On-line version ISSN 2078-5135
Print version ISSN 0256-9574

SAMJ, S. Afr. med. j. vol.107 n.8 Cape Town Aug. 2017

http://dx.doi.org/10.7196/samj.2017.v107i8.12271 

RESEARCH

 

Cardiovascular risk factors and mortality in children with chronic kidney disease

 

 

A MudiI, II; C DickensIII; C LevyIV; D BallotV

IMBBS, FWACP, MSc (Med), Cert Nephrol (Paed); Department of Paediatrics and Child Health, Faculty of Health Sciences, University of the Witwatersrand, Johannesburg, South Africa
IIMBBS, FWACP, MSc (Med), Cert Nephrol (Paed); Department of Paediatrics, Bayero University, Kano, Nigeria
IIIPhD; Department of Medicine, Faculty of Health Sciences, University of the Witwatersrand, Johannesburg, South Africa
IVMB BCh, FCPaed, MMed, Cert Nephrol (Paed); Department of Paediatrics and Child Health, Faculty of Health Sciences, University of the Witwatersrand, Johannesburg, South Africa
VMB BCh, FCPaed, PhD; Department of Paediatrics and Child Health, Faculty of Health Sciences, University of the Witwatersrand, Johannesburg, South Africa

Correspondence

 

 


ABSTRACT

BACKGROUND. Cardiovascular disease (CVD) begins early in children with chronic kidney disease (CKD), and its progression is determined by the presence of single or multiple cardiovascular risk factors (CVRFs).
OBJECTIVE. To determine the prevalence of CVRFs in children with CKD and their association with mortality in children on chronic dialysis.
METHODS. This comparative cross-sectional study recruited children aged 5 - 18 years with all stages of CKD. All patients had a short history taken along with a physical examination, and their blood samples were assessed for serum creatinine, urea, albumin, calcium, phosphorus, parathyroid hormone, alkaline phosphatase, total cholesterol (TC), haemoglobin and C-reactive protein. Urine samples were also assessed for proteinuria.
RESULTS. One hundred and six children who met the study criteria were recruited, 34 with CKD I, 36 with CKD II - IV and 36 with CKD V (dialysis). The overall median age was 11 years (range 8 - 14), and the male/female ratio was 2.1:1. The most common CVRF was anaemia (39.6%). The rate of anaemia was higher in the dialysis group than in the CKD II - IV and CKD I groups (77.8%, 33.3% and 5.9%, respectively). Other CVRFs detected were hypertension, proteinuria, hypercholesterolaemia and dysregulated mineral bone metabolism. Seven deaths were recorded in the dialysis group during the study period. Severe hypertension and intracranial bleeding were the most common causes of death. Modifiable risk factors such as increased TC and decreased albumin levels were more common than other CVRFs in the dialysis patients who died.
CONCLUSIONS. CVRFs may be present in early CKD, even before the decline in GFR. Routine screening for CVRFs, along with timely intervention, may prevent the progression of CVD and mortality later in life.


 

 

Cardiovascular disease (CVD) is thought to begin early in chronic kidney disease (CKD) and to progress rapidly as renal function declines, especially on dialysis.[1-3] CVD is the most common cause of death among paediatric patients with end-stage renal disease (ESRD).[4,5]

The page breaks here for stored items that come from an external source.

(* There are $\lambda<1$ and positive constants $A,B$ such that for each $f\in L^1_2(\mathbb{R}^d)$ with $f\ge0$ and all $m,n\ge1$, $$\|\mathcal{L}_{t,n}^mf\|_{L^1_2}\le A\lambda^m\|f\|_{L^1_2}+B\|f\|_{L^1}.$$
   Context: Consider on $\mathbb{R}^d$ the SDE $dX_t=b(X_t)dt+dW_t$, $X_0=x$, with $W$ a standard Brownian motion, $b$ Lipschitz continuous, and $\langle b(x),x\rangle\le R_1-R_2\|x\|^2$ for constants $R_1\in\mathbb{R}$, $R_2>0$. Fix $t>0$; $S_t(x,y)$ is the transition density and $(\mathcal{L}_tf)(y):=\int S_t(x,y)f(x)\,dx$. Fix $x_0\in\mathbb{R}^d$ and a real sequence $u_n\to+\infty$; $B_n:=B(x_0,e^{-u_n})$ and $(\mathcal{L}_{t,n}f)(x):=1_{B_n^c}(x)(\mathcal{L}_tf)(x)$. $\|f\|_{L^1_2}:=\int(1+|x|^2)|f|\,dx$. *)

theory Defs
  imports "HOL-Probability.Probability"
begin

definition gauss_kernel :: "real \<Rightarrow> 'a::euclidean_space \<Rightarrow> real" where
  "gauss_kernel s y = (2 * pi * s) powr (- real DIM('a) / 2) * exp (- ((norm y)\<^sup>2) / (2 * s))"

definition std_brownian :: "'w measure \<Rightarrow> (real \<Rightarrow> 'w \<Rightarrow> 'a::euclidean_space) \<Rightarrow> bool" where
  "std_brownian M W \<longleftrightarrow> prob_space M \<and>
     (\<forall>\<omega>\<in>space M. W 0 \<omega> = 0) \<and>
     (\<forall>\<omega>\<in>space M. continuous_on {0..} (\<lambda>t. W t \<omega>)) \<and>
     (\<forall>s t. 0 \<le> s \<and> s < t \<longrightarrow>
        distributed M lborel (\<lambda>\<omega>. W t \<omega> - W s \<omega>) (\<lambda>y. ennreal (gauss_kernel (t - s) y))) \<and>
     (\<forall>ts::real list. sorted ts \<and> (\<forall>\<tau>\<in>set ts. 0 \<le> \<tau>) \<longrightarrow>
        prob_space.indep_vars M (\<lambda>_. borel) (\<lambda>i \<omega>. W (ts ! Suc i) \<omega> - W (ts ! i) \<omega>) {..<length ts - 1})"

definition Lt :: "('a::euclidean_space \<Rightarrow> 'a \<Rightarrow> real) \<Rightarrow> ('a \<Rightarrow> real) \<Rightarrow> 'a \<Rightarrow> real" where
  "Lt S f y = (\<integral>x. S x y * f x \<partial>lborel)"

definition Ltn :: "('a::euclidean_space \<Rightarrow> 'a \<Rightarrow> real) \<Rightarrow> 'a \<Rightarrow> (nat \<Rightarrow> real) \<Rightarrow> nat \<Rightarrow> ('a \<Rightarrow> real) \<Rightarrow> 'a \<Rightarrow> real" where
  "Ltn S x0 u n f x = indicator (- ball x0 (exp (- u n))) x * Lt S f x"

definition norm_L12 :: "('a::euclidean_space \<Rightarrow> real) \<Rightarrow> ennreal" where
  "norm_L12 f = (\<integral>\<^sup>+x. ennreal ((1 + (norm x)\<^sup>2) * \<bar>f x\<bar>) \<partial>lborel)"

definition norm_L1 :: "('a::euclidean_space \<Rightarrow> real) \<Rightarrow> ennreal" where
  "norm_L1 f = (\<integral>\<^sup>+x. ennreal \<bar>f x\<bar> \<partial>lborel)"

end

theory Submission
  imports Defs
begin

(* Along each path, Y = X - W is differentiable with Y' = b(Y + W). Lipschitz continuity and
   dissipativity of b give (|Y|^2)' <= 2 R1 - R2 |Y|^2 + (L^2/R2) |W|^2, so by Gronwall
   |Y_t|^2 <= exp(-R2 t) |x|^2 + int_0^t (2 R1 + (L^2/R2) |W_r|^2) dr.  Since E |W_r|^2 = O(r),
   splitting |X_t|^2 <= (1 + eps) |Y_t|^2 + (1 + 1/eps) |W_t|^2 with a suitable eps yields the
   Lyapunov bound  int S_t(x,y) (1 + |y|^2) dy <= lam (1 + |x|^2) + K  with lam < 1.
   By Tonelli this gives, for f >= 0, ||L_{t,n} f||_{L^1_2} <= lam ||f||_{L^1_2} + K ||f||_{L^1}
   and ||L_{t,n} f||_{L^1} <= ||f||_{L^1}, since killing on the ball only decreases L_t f;
   iterating proves the claim with A = 1 and B = K / (1 - lam). *)

lemma two_mult_le_weighted_squares:
  fixes a b c :: real
  assumes "c > 0"
  shows "2 * a * b \<le> c * a\<^sup>2 + b\<^sup>2 / c"
proof -
  have "0 \<le> (c * a - b)\<^sup>2" by simp
  then have "c * (2 * a * b) \<le> c * (c * a\<^sup>2 + b\<^sup>2 / c)"
    using assms by (simp add: power2_eq_square algebra_simps)
  then show ?thesis using assms by simp
qed

lemma norm_add_square_le:
  fixes y v :: "'a::real_inner"
  assumes "\<epsilon> > 0"
  shows "(norm (y + v))\<^sup>2 \<le> (1 + \<epsilon>) * (norm y)\<^sup>2 + (1 + 1 / \<epsilon>) * (norm v)\<^sup>2"
proof -
  have "(norm (y + v))\<^sup>2 = (norm y)\<^sup>2 + 2 * (y \<bullet> v) + (norm v)\<^sup>2"
    by (simp add: power2_norm_eq_inner inner_add_left inner_add_right inner_commute)
  moreover have "2 * (y \<bullet> v) \<le> 2 * norm y * norm v"
    using norm_cauchy_schwarz[of y v] by simp
  moreover have "2 * norm y * norm v \<le> \<epsilon> * (norm y)\<^sup>2 + (norm v)\<^sup>2 / \<epsilon>"
    by (rule two_mult_le_weighted_squares[OF assms])
  ultimately show ?thesis by (simp add: algebra_simps)
qed

lemma dissipative_lipschitz_inner_le:
  fixes b :: "'a::real_inner \<Rightarrow> 'a"
  assumes L: "L-lipschitz_on UNIV b" and diss: "\<And>x. b x \<bullet> x \<le> R1 - R2 * (norm x)\<^sup>2" and R2: "R2 > 0"
  shows "2 * (b (y + v) \<bullet> y) \<le> 2 * R1 - R2 * (norm y)\<^sup>2 + L\<^sup>2 / R2 * (norm v)\<^sup>2"
proof -
  have "(b (y + v) - b y) \<bullet> y \<le> norm (b (y + v) - b y) * norm y"
    by (rule norm_cauchy_schwarz)
  also have "\<dots> \<le> L * norm v * norm y"
    using lipschitz_onD[OF L, of "y + v" y] by (intro mult_right_mono) (simp_all add: dist_norm)
  finally have "2 * ((b (y + v) - b y) \<bullet> y) \<le> 2 * norm y * (L * norm v)"
    by (simp add: algebra_simps)
  also have "\<dots> \<le> R2 * (norm y)\<^sup>2 + (L * norm v)\<^sup>2 / R2"
    by (rule two_mult_le_weighted_squares[OF R2])
  finally show ?thesis
    using diss[of y] by (simp add: inner_diff_left power_mult_distrib algebra_simps)
qed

Traditional and non-traditional cardiovascular risk factors (CVRFs) play an important role in the initiation and progression of CVD in children with CKD. Combinations of these risk factors could cause accelerated manifestations of cardiac and vascular changes in children.[6,7] Traditional CVRFs such as hypertension, dyslipidaemia, obesity and hyperglycaemia have been shown to be increased even in children with early stages of CKD.[3,6] Non-traditional CVRFs including anaemia, fluid overload, dysregulated mineral bone metabolism (hyperparathyroidism, increased calcium-phosphate product), hypoalbuminaemia, inflammation (increased C-reactive protein and cytokines) and oxidative stress are more evident in children with moderate to severe CKD.[1,5-9] Other risk factors for CVD are potentially treatment related, such as calcium overload from dialysate, calcium-based phosphate binders and vitamin D therapy.[10-12]

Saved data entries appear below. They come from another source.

(* Let $\beta\in(0,1)$, $x^1\ge0$, $C:\mathbb{R}_+\to\mathbb{R}_+$ increasing, strictly convex and continuously differentiable with $c=C'$, $\lim_{x\to\infty}c(x)=\infty$. Let $\mathbb{P}$ be a probability distribution with nonnegative support, finite mean, and no atoms, and $\boldsymbol{p}^1,\boldsymbol{p}^2,\ldots$ i.i.d. with law $\mathbb{P}$. Fix samples $p_1,\ldots,p_N$ and define $y_{\mathrm{S}}$ and $y_{\mathrm{M}}$ as in the context. Then the out-of-sample value functions $\bar V_{\mathrm{S}}$ and $\bar V_{\mathrm{M}}$ are differentiable.
   Context: $c^{-1}$ is the inverse of $c$ on its range, $(z)_{[a,b]}$ the projection onto $[a,b]$, $(z)_+=\max\{z,0\}$, $\mu_N=\frac1N\sum_i p_i$. $y_{\mathrm{S}}(x,p)=c^{-1}((\beta\frac1N\sum_{i=1}^N(p_i-p)_+-(1-\beta)p)_{[c(0),c(x)]})$, $y_{\mathrm{M}}(x,p)=c^{-1}((\beta(\mu_N-p)_+-(1-\beta)p)_{[c(0),c(x)]})$. For a policy $y$, $\bar V_y(x)=\mathbb{E}_{\mathbb{P}^\infty}[\sum_{t=1}^\infty\beta^{t-1}(\boldsymbol{p}^t(x^t-x^{t+1})-C(x^{t+1}))]$ with $x^1=x$, $x^{t+1}=y(x^t,\boldsymbol{p}^t)$; $\bar V_{\mathrm{S}}=\bar V_{y_{\mathrm{S}}}$, $\bar V_{\mathrm{M}}=\bar V_{y_{\mathrm{M}}}$, as functions of $x\in[0,x^1]$. *)

theory Defs
  imports "HOL-Probability.Probability"
begin

definition strictly_convex_on :: "real set \<Rightarrow> (real \<Rightarrow> real) \<Rightarrow> bool" where
  "strictly_convex_on S f \<longleftrightarrow>
     (\<forall>x\<in>S. \<forall>y\<in>S. \<forall>u::real. x \<noteq> y \<and> 0 < u \<and> u < 1 \<longrightarrow>
        f (u * x + (1 - u) * y) < u * f x + (1 - u) * f y)"

definition proj :: "real \<Rightarrow> real \<Rightarrow> real \<Rightarrow> real" where
  "proj a b z = max a (min b z)"

definition cinv :: "(real \<Rightarrow> real) \<Rightarrow> real \<Rightarrow> real" where
  "cinv c = inv_into {0..} c"

definition y_S :: "(real \<Rightarrow> real) \<Rightarrow> real \<Rightarrow> nat \<Rightarrow> (nat \<Rightarrow> real) \<Rightarrow> real \<Rightarrow> real \<Rightarrow> real" where
  "y_S c \<beta> N ps x q =
     cinv c (proj (c 0) (c x)
       (\<beta> * ((1 / real N) * (\<Sum>i=1..N. max (ps i - q) 0)) - (1 - \<beta>) * q))"

definition mu_N :: "nat \<Rightarrow> (nat \<Rightarrow> real) \<Rightarrow> real" where
  "mu_N N ps = (1 / real N) * (\<Sum>i=1..N. ps i)"

definition y_M :: "(real \<Rightarrow> real) \<Rightarrow> real \<Rightarrow> nat \<Rightarrow> (nat \<Rightarrow> real) \<Rightarrow> real \<Rightarrow> real \<Rightarrow> real" where
  "y_M c \<beta> N ps x q =
     cinv c (proj (c 0) (c x) (\<beta> * max (mu_N N ps - q) 0 - (1 - \<beta>) * q))"

(* trajectory: traj y x \<omega> t = x^{t+1}, with \<omega> t = p^{t+1} *)
primrec traj :: "(real \<Rightarrow> real \<Rightarrow> real) \<Rightarrow> real \<Rightarrow> (nat \<Rightarrow> real) \<Rightarrow> nat \<Rightarrow> real" where
  "traj y x \<omega> 0 = x"
| "traj y x \<omega> (Suc t) = y (traj y x \<omega> t) (\<omega> t)"

definition Vbar :: "(real \<Rightarrow> real) \<Rightarrow> real \<Rightarrow> real measure \<Rightarrow> (real \<Rightarrow> real \<Rightarrow> real) \<Rightarrow> real \<Rightarrow> real" where
  "Vbar C \<beta> P y x =
     integral\<^sup>L (Pi\<^sub>M UNIV (\<lambda>_::nat. P))
       (\<lambda>\<omega>. \<Sum>t. \<beta> ^ t * (\<omega> t * (traj y x \<omega> t - traj y x \<omega> (Suc t))
                              - C (traj y x \<omega> (Suc t))))"

end

(*
  Strict convexity of C makes c strictly increasing, so both policies have the form
  y x q = c^-1((h q)_[c 0, c x]) = min x (z q), with the target level z q = c^-1(max (c 0) (h q))
  and h strictly decreasing. The stock after t periods is the minimum of x and the first t
  targets; as a function of x it is locally the identity or constant unless x equals one of
  these targets, which for x > 0 happens with probability zero because P has no atoms and h is
  injective. Hence each discounted stage reward is almost surely differentiable in x, and it is
  Lipschitz in x with constant beta^t (2 |p^t| + max |c|), which is integrable. Differentiating
  under the integral (dominated convergence) and then termwise (the derivative series is
  dominated by a geometric one) gives the differentiability of the value function.
*)

theory Submission
  imports Defs
begin

lemma convex_on_if_strictly_convex_on:
  assumes "strictly_convex_on S f" and "convex S"
  shows "convex_on S f"
proof (rule convex_onI)
  fix t x y :: real assume "0 < t" "t < 1" "x \<in> S" "y \<in> S"
  then show "f ((1 - t) *\<^sub>R x + t *\<^sub>R y) \<le> (1 - t) * f x + t * f y"
    using assms(1)[unfolded strictly_convex_on_def, rule_format, of x y "1 - t"]
    by (cases "x = y") (auto simp: algebra_simps)
qed fact

lemma strict_mono_on_deriv_if_strictly_convex_on:
  assumes sconv: "strictly_convex_on {a..} f"
    and deriv: "\<And>x. a \<le> x \<Longrightarrow> (f has_real_derivative f' x) (at x within {a..})"
    and cont: "continuous_on {a..} f'"
  shows "strict_mono_on {a..} f'"
proof -
  have conv: "convex_on {a..} f"
    using convex_on_if_strictly_convex_on[OF sconv] by simp
  have on_interior: "f' u < f' v" if "a < u" "u < v" for u v
  proof -
    define m where "m = (u + v) / 2"
    have m: "u < m" "m < v" using that by (auto simp: m_def)
    have "f' u * (m - u) \<le> f m - f u" "f' v * (m - v) \<le> f m - f v"
      using that m deriv
      by (intro convex_on_imp_above_tangent[OF conv]; force)+
    moreover have "f m < (f u + f v) / 2"
      using sconv[unfolded strictly_convex_on_def, rule_format, of u v "1/2"] that
      by (simp add: m_def field_simps)
    moreover have "m - v = - (m - u)" by (simp add: m_def field_simps)
    ultimately have "f' u * (m - u) < f' v * (m - u)" by (simp add: field_simps)
    then show ?thesis using m by simp
  qed
  have left_end: "f' a < f' v" if "a < v" for v
  proof -
    define m where "m = (a + v) / 2"
    have m: "a < m" "m < v" using that by (auto simp: m_def)
    have "(f' \<longlongrightarrow> f' a) (at a within {a..})"
      using cont by (simp add: continuous_on_def)
    then have "(f' \<longlongrightarrow> f' a) (at_right a)"
      by (rule filterlim_mono) (auto intro: at_le)
    then have "f' a \<le> f' m"
      by (rule tendsto_upperbound)
        (use m on_interior in \<open>auto simp: eventually_at_right_field intro!: exI[of _ m] less_imp_le\<close>)
    then show ?thesis using on_interior[OF m] by simp
  qed
  show ?thesis
    by (rule strict_mono_onI) (metis atLeast_iff on_interior left_end order_le_less)
qed

definition target_level :: "(real \<Rightarrow> real) \<Rightarrow> real \<Rightarrow> real" where
  "target_level c v = cinv c (max (c 0) v)"

context
  fixes c :: "real \<Rightarrow> real"
  assumes c_strict_mono: "strict_mono_on {0..} c"
    and c_cont: "continuous_on {0..} c"
    and c_unbounded: "filterlim c at_top at_top"
begin

lemma image_atLeast_0_eq: "c ` {0..} = {c 0..}"
proof
  show "c ` {0..} \<subseteq> {c 0..}"
    using strict_mono_on_leD[OF c_strict_mono] by auto
  show "{c 0..} \<subseteq> c ` {0..}"
  proof
    fix v assume v: "v \<in> {c 0..}"
    obtain b where b: "0 \<le> b" "v \<le> c b"
      using c_unbounded[unfolded filterlim_at_top, rule_format, of v]
      by (metis eventually_at_top_linorder max.cobounded1 max.cobounded2)
    have "continuous_on {0..b} c" using c_cont by (rule continuous_on_subset) auto
    then obtain u where "0 \<le> u" "u \<le> b" "c u = v" using IVT'[of c 0 v b] v b by auto
    then show "v \<in> c ` {0..}" by auto
  qed
qed

lemma cinv_nonneg: "c 0 \<le> v \<Longrightarrow> 0 \<le> cinv c v"
  using image_atLeast_0_eq unfolding cinv_def by (metis atLeast_iff inv_into_into)

lemma c_cinv: "c 0 \<le> v \<Longrightarrow> c (cinv c v) = v"
  using image_atLeast_0_eq unfolding cinv_def by (metis atLeast_iff f_inv_into_f)

lemma cinv_c: "0 \<le> u \<Longrightarrow> cinv c (c u) = u"
  unfolding cinv_def by (simp add: strict_mono_on_imp_inj_on[OF c_strict_mono])

lemma strict_mono_on_cinv: "strict_mono_on {c 0..} (cinv c)"
proof (rule strict_mono_onI)
  fix v w assume "v \<in> {c 0..}" "w \<in> {c 0..}" "v < w"
  then show "cinv c v < cinv c w"
    using cinv_nonneg c_cinv strict_mono_on_less[OF c_strict_mono] by (metis atLeast_iff)
qed

lemma target_level_nonneg: "0 \<le> target_level c v"
  unfolding target_level_def by (simp add: cinv_nonneg)

lemma c_target_level: "c (target_level c v) = max (c 0) v"
  unfolding target_level_def by (simp add: c_cinv)

lemma mono_target_level: "mono (target_level c)"
  unfolding target_level_def
  by (rule monoI) (auto intro!: strict_mono_on_leD[OF strict_mono_on_cinv])

lemma cinv_proj_eq_min_target_level:
  assumes "0 \<le> x"
  shows "cinv c (proj (c 0) (c x) v) = min x (target_level c v)"
proof -
  have "c 0 \<le> c x" using strict_mono_on_leD[OF c_strict_mono] assms by simp
  then have "proj (c 0) (c x) v = min (c x) (max (c 0) v)"
    unfolding proj_def by linarith
  also have "cinv c \<dots> = min (cinv c (c x)) (cinv c (max (c 0) v))"
    using \<open>c 0 \<le> c x\<close> by (simp add: min_def strict_mono_on_less_eq[OF strict_mono_on_cinv])
  finally show ?thesis using cinv_c[OF assms] by (simp add: target_level_def)
qed

lemma target_level_eq_pos_imp:
  assumes "0 < u" and "target_level c v = u"
  shows "v = c u"
proof -
  have "c 0 < c u" using strict_mono_onD[OF c_strict_mono] \<open>0 < u\<close> by simp
  moreover have "c u = max (c 0) v" using c_target_level[of v] assms(2) by simp
  ultimately show ?thesis by (simp add: max_def split: if_splits)
qed

end

lemma AE_neq_if_inj_atomless:
  fixes P :: "'a::t1_space measure"
  assumes "finite_measure P" and "sets P = sets borel" and "\<forall>q. measure P {q} = 0"
    and "inj h"
  shows "AE q in P. h q \<noteq> v"
proof (cases "v \<in> range h")
  case True
  then obtain q0 where "h q0 = v" by blast
  have "{q0} \<in> null_sets P"
    using assms(1-3) by (auto simp: null_sets_def finite_measure.emeasure_eq_measure intro: borel_closed)
  moreover have "{q \<in> space P. \<not> h q \<noteq> v} \<subseteq> {q0}"
    using \<open>h q0 = v\<close> \<open>inj h\<close> by (auto dest: injD)
  ultimately show ?thesis by (rule AE_I')
qed auto

lemma borel_measurable_continuous_on_comp:
  assumes "continuous_on A f" and "g \<in> borel_measurable M" and "\<And>x. x \<in> space M \<Longrightarrow> g x \<in> A"
  shows "(\<lambda>x. f (g x)) \<in> borel_measurable M"
  using measurable_compose[OF measurable_restrict_space2[OF _ assms(2)]
      borel_measurable_continuous_on_restrict[OF assms(1)]] assms(3)
  by auto

lemma AE_summable_norm_if_summable_integral_norm:
  fixes f :: "nat \<Rightarrow> 'a \<Rightarrow> 'b::{banach, second_countable_topology}"
  assumes integrable: "\<And>i. integrable M (f i)"
    and summable: "summable (\<lambda>i. \<integral>x. norm (f i x) \<partial>M)"
  shows "AE x in M. summable (\<lambda>i. norm (f i x))"
proof -
  have "(\<integral>\<^sup>+x. (\<Sum>i. ennreal (norm (f i x))) \<partial>M) = (\<Sum>i. \<integral>\<^sup>+x. norm (f i x) \<partial>M)"
    using integrable by (intro nn_integral_suminf) auto
  also have "\<dots> = (\<Sum>i. ennreal (\<integral>x. norm (f i x) \<partial>M))"
    using integrable by (intro suminf_cong nn_integral_eq_integral integrable_norm) auto
  also have "\<dots> = ennreal (\<Sum>i. \<integral>x. norm (f i x) \<partial>M)"
    using summable by (intro suminf_ennreal2) auto
  finally have "(\<integral>\<^sup>+x. (\<Sum>i. ennreal (norm (f i x))) \<partial>M) \<noteq> \<infinity>" by simp
  then have "AE x in M. (\<Sum>i. ennreal (norm (f i x))) \<noteq> \<infinity>"
    using integrable by (intro nn_integral_PInf_AE) auto
  then show ?thesis
    by eventually_elim (auto intro: summable_suminf_not_top)
qed

lemma has_field_derivative_if_ident_const:
  "((\<lambda>a. if b then a else k) has_field_derivative of_bool b) F" for k :: real
  by (cases b) auto

lemma has_field_derivative_integral_dominated:
  fixes f :: "real \<Rightarrow> 'a \<Rightarrow> real"
  assumes "x \<in> S"
    and integrable: "\<And>a. a \<in> S \<Longrightarrow> integrable M (f a)"
    and "integrable M L"
    and "f' \<in> borel_measurable M"
    and deriv: "AE \<omega> in M. ((\<lambda>a. f a \<omega>) has_field_derivative f' \<omega>) (at x within S)"
    and Lipschitz: "AE \<omega> in M. \<forall>a\<in>S. \<bar>f a \<omega> - f x \<omega>\<bar> \<le> L \<omega> * \<bar>a - x\<bar>"
  shows "((\<lambda>a. integral\<^sup>L M (f a)) has_field_derivative integral\<^sup>L M f') (at x within S)"
  unfolding has_field_derivative_iff tendsto_at_iff_sequentially comp_def
proof (intro allI impI)
  fix X assume X: "\<forall>i. X i \<in> S - {x}" "X \<longlonglongrightarrow> x"
  have quotient: "(integral\<^sup>L M (f (X i)) - integral\<^sup>L M (f x)) / (X i - x)
      = (\<integral>\<omega>. (f (X i) \<omega> - f x \<omega>) / (X i - x) \<partial>M)" for i
    using integrable X \<open>x \<in> S\<close> by simp
  show "(\<lambda>i. (integral\<^sup>L M (f (X i)) - integral\<^sup>L M (f x)) / (X i - x)) \<longlonglongrightarrow> integral\<^sup>L M f'"
    unfolding quotient
  proof (rule integral_dominated_convergence[where w=L])
    show "(\<lambda>\<omega>. (f (X i) \<omega> - f x \<omega>) / (X i - x)) \<in> borel_measurable M" for i
      using integrable X \<open>x \<in> S\<close> by (intro borel_measurable_divide borel_measurable_diff borel_measurable_integrable) auto
    show "AE \<omega> in M. (\<lambda>i. (f (X i) \<omega> - f x \<omega>) / (X i - x)) \<longlonglongrightarrow> f' \<omega>"
      using deriv by eventually_elim
        (use X in \<open>auto simp: has_field_derivative_iff tendsto_at_iff_sequentially comp_def\<close>)
    show "AE \<omega> in M. norm ((f (X i) \<omega> - f x \<omega>) / (X i - x)) \<le> L \<omega>" for i
      using Lipschitz by eventually_elim (use X in \<open>auto simp: divide_le_eq\<close>)
  qed fact+
qed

In adults with ESRD, coronary artery disease and cardiomyo-pathy are the leading cause of CVD mortality. Children, however, die from cardiac arrest, arrhythmia, cardiomyopathy and, rarely, myocardial disease.[13,14] Various vascular changes such as atherosclerosis, arteriosclerotic lesions (including fibrous or fibroelastic intimal thickening), disruption of the internal elastic lamella and atheromatous plaques have also been reported in children with CKD.[6,8] These vascular changes increase the risk of symptomatic CVD later in life.[7]

 

Objective

To investigate the prevalence of CVRFs and their association with mortality in children with CKD.

 

Methods

This comparative cross-sectional study recruited 106 children with CKD being followed up by the Division of Paediatric Nephrology at Charlotte Maxeke Johannesburg Academic Hospital and Chris Hani Baragwanath Academic Hospital, Johannesburg, South Africa (SA).

Thirty-four patients with CKD I, 36 with CKD II - IV and 36 with CKD V (dialysis) were recruited consecutively over a 12-month period (August 2015 - July 2016). The CKD I group were children with a glomerular filtration rate (GFR) of >90 mL/min/1.73m2 (with either structural abnormalities or isolated haematuria) with normal blood pressure and no proteinuria, the CKD II - IV group were those with GFR of 15 - 90 mL/min/1.73m2, and the CKD V group were on maintenance haemodialysis and peritoneal dialysis.

Children with known congenital heart disease, diabetes mellitus, liver disease, active infection, systemic lupus erythematosus and malignancies and those who had had a renal transplant were excluded from the study.

All patients had a short demographic and clinical history taken along with a physical examination. Routine blood samples for serum creatinine, urea, albumin, calcium, phosphorus, parathyroid hormone (PTH), alkaline phosphatase (ALP), random total cholesterol (TC), haemoglobin and C-reactive protein (CRP) were taken, and results were retrieved and analysed.

Definitions of terms

Hypertension. The need for antihypertensive treatment and/or according to the 'Fourth report on the diagnosis, evaluation, and treatment of high blood pressure in children and adolescents'.[15]

Body mass index (BMI). Interpreted according to the World Health Organization (WHO) BMI centile for sex and age in children.[16]

Proteinuria. Urine protein/creatinine ratio >0.02 g/mmol.[17,18]

Hypercholesterolemia. Total cholesterol >5.18 mmol/L (>200 mg/ dL).'191

Anaemia. Defined based on age according to the Kidney Disease Improving Global Outcome (KDIGO) clinical practice guidelines for anaemia in CKD.[20]

Hyperphosphataemia, hypocalcaemia, hypercalcaemia, elevated calcium-phosphate product (CaXP) and elevated ALP.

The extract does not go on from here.